Background The success rate of radiofrequency catheter ablation of ventricular arrhythmias originating from left fibrous triangle (LFT) is not high. This article was to discuss the characteristics of sueface electrocardiogram and the strategy of ablation of ventricular arrhythmias originating from LFT.
Methods From February 2002 to March 2012, total 323 patients with outflow ventricular arrhythmias were ablated in our hospital, incluing 46 patients whose ventricular arrhythmias originated from the LFT. The mean age of the 46 patients was 44 ± 13 years (16–87 years), and 24 of them (52.2%) were male. Thirty patients had frequent premature ventricular contractions (PVCs) and 16 patients had both PVCs and nonsustained or sustained ventricular tachycardia (VT). All the patients were examined with ECG, electrophysiology, active mapping and pace mapping. The computer tomography angiogram (CTA) 3D reconstruction of coronary artery, venouswas completed in 20 patients.

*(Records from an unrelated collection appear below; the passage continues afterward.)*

(* Assume Condition (T) (see context) and let $(\mathbf W_t)_{t\in\mathbb Z}$, $\mathbf W_t=(W_{1,t},\dots,W_{d,t})$, be the stationary solution of $\mathbf W_t=\mathbf A_t\mathbf W_{t-1}+\mathbf B_t$. Then for every $t\in\mathbb Z$ and $i=1,\dots,d$, $$W_{i,t}=\sum_{n=0}^\infty \Pi^{(i)}_{t,t-n+1}D_{i,t-n}\quad\text{a.s.},$$ where $D_{i,t}=\sum_{j:\,i\prec j}A_{ij,t}W_{j,t-1}+B_{i,t}$ and $\Pi^{(i)}_{t,s}=A_{ii,t}A_{ii,t-1}\cdots A_{ii,s}$ for $t\ge s$, $\Pi^{(i)}_{t,s}=1$ for $t<s$.
   Context: $(\mathbf A_t,\mathbf B_t)_{t\in\mathbb Z}$ is an i.i.d. sequence of copies of $(\mathbf A,\mathbf B)$, a random $d\times d$ matrix and random vector in $\mathbb R^d$, with entries $A_{ij,t}$, $B_{i,t}$. Condition (T): (T-1) $\mathbf A\ge 0$, $\mathbf B\ge 0$ entrywise a.s.; (T-2) $\mathbb P(B_i=0)<1$ for all $i$; (T-3) $\mathbb P(A_{ij}=0)=1$ whenever $i>j$; (T-4) there exist $\alpha_1,\dots,\alpha_d>0$, pairwise distinct, with $\mathbb E A_{ii}^{\alpha_i}=1$; (T-5) $\mathbb E A_{ij}^{\alpha_i}<\infty$; (T-6) $\mathbb E B_i^{\alpha_i}<\infty$; (T-7) $\mathbb E[A_{ii}^{\alpha_i}\log^+A_{ii}]<\infty$; (T-8) the law of $\log A_{ii}$ given $\{A_{ii}>0\}$ is non-arithmetic. Under (T) the stationary solution exists, is unique, and is given by $\mathbf W_t=\sum_{n\ge0}\mathbf A_t\cdots\mathbf A_{t-n+1}\mathbf B_{t-n}$ (empty product = identity). Write $i\prec j$ if $i\neq j$ and $\mathbb P(A_{ij}>0)>0$. *)

theory Defs
  imports "HOL-Probability.Probability"
begin

text \<open>Random matrices are functions into real^'n^'n, where the finite linearly ordered
  type 'n plays the role of the index set {1..d}.\<close>

fun mat_prod :: "(int \<Rightarrow> 'w \<Rightarrow> real^'n^'n) \<Rightarrow> int \<Rightarrow> nat \<Rightarrow> 'w \<Rightarrow> real^'n^'n" where
  "mat_prod A t 0 w = mat 1"
| "mat_prod A t (Suc n) w = mat_prod A t n w ** A (t - int n) w"

definition stat_sol :: "(int \<Rightarrow> 'w \<Rightarrow> real^'n^'n) \<Rightarrow> (int \<Rightarrow> 'w \<Rightarrow> real^'n) \<Rightarrow> int \<Rightarrow> 'w \<Rightarrow> real^'n" where
  "stat_sol A B t w = (\<chi> i. (\<Sum>n. (mat_prod A t n w *v B (t - int n) w) $ i))"

definition diag_prod :: "(int \<Rightarrow> 'w \<Rightarrow> real^'n^'n) \<Rightarrow> 'n \<Rightarrow> int \<Rightarrow> int \<Rightarrow> 'w \<Rightarrow> real" where
  "diag_prod A i t s w = (\<Prod>k\<in>{s..t}. A k w $ i $ i)"

text \<open>i \<prec> j iff i \<noteq> j and P(A_ij > 0) > 0 (law of the generic copy A = A_0).\<close>
definition prec :: "'w measure \<Rightarrow> (int \<Rightarrow> 'w \<Rightarrow> real^'n^'n) \<Rightarrow> 'n \<Rightarrow> 'n \<Rightarrow> bool" where
  "prec M A i j \<longleftrightarrow> i \<noteq> j \<and> measure M {w \<in> space M. A 0 w $ i $ j > 0} > 0"

definition D_term :: "'w measure \<Rightarrow> (int \<Rightarrow> 'w \<Rightarrow> real^'n^'n) \<Rightarrow> (int \<Rightarrow> 'w \<Rightarrow> real^'n)
    \<Rightarrow> (int \<Rightarrow> 'w \<Rightarrow> real^'n) \<Rightarrow> 'n \<Rightarrow> int \<Rightarrow> 'w \<Rightarrow> real" where
  "D_term M A B W i t w = (\<Sum>j\<in>{j. prec M A i j}. A t w $ i $ j * W (t - 1) w $ j) + B t w $ i"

Results Successful ablation was achieved in 41 of the 46 patients (89.1%, 41/46) targeting left coronary cusp (LCC, 30 patients), infra aortic valve (infra AV, 6 patients) and great cardiac vein (GCV, 5 patients). The surface ECG in all the three groups presented with inferior axis and R/S-transition in lead V1 and V2. There were no differentces in the total QRS duration in the three groups. Most of the patients presented with right bundle branch block (RBBB) morphology in infra AV group and GCV group compared with LCC group (67%, 80% vs 15%, P = 0.002). Regarding to the classification of the LFT according to CTA, the patterns of distribution were as follows: “closed” in 10 (50%, 10/20) hearts; “completely opened” in 2 (10%, 2/20); “inferiorly opened” in 5 (25%, 5/20) hearts and “superiorly opened” in 1 (5%, 1/20) hearts. In the remaining 2 (10%, 2/20), there were not any distances between cardiac vein and artery. The closest distance between the corner of the GCV and LCC is 17.6 ± 4.2 mm (9.1mm ∼ 26.3mm).
Conclusions Ventricular arrhythmias originating from the LFT can be ablated in the nadir of the LCC, infra AV and the GCV. The success rate may be impacted by the distance from the GCV and the LCC.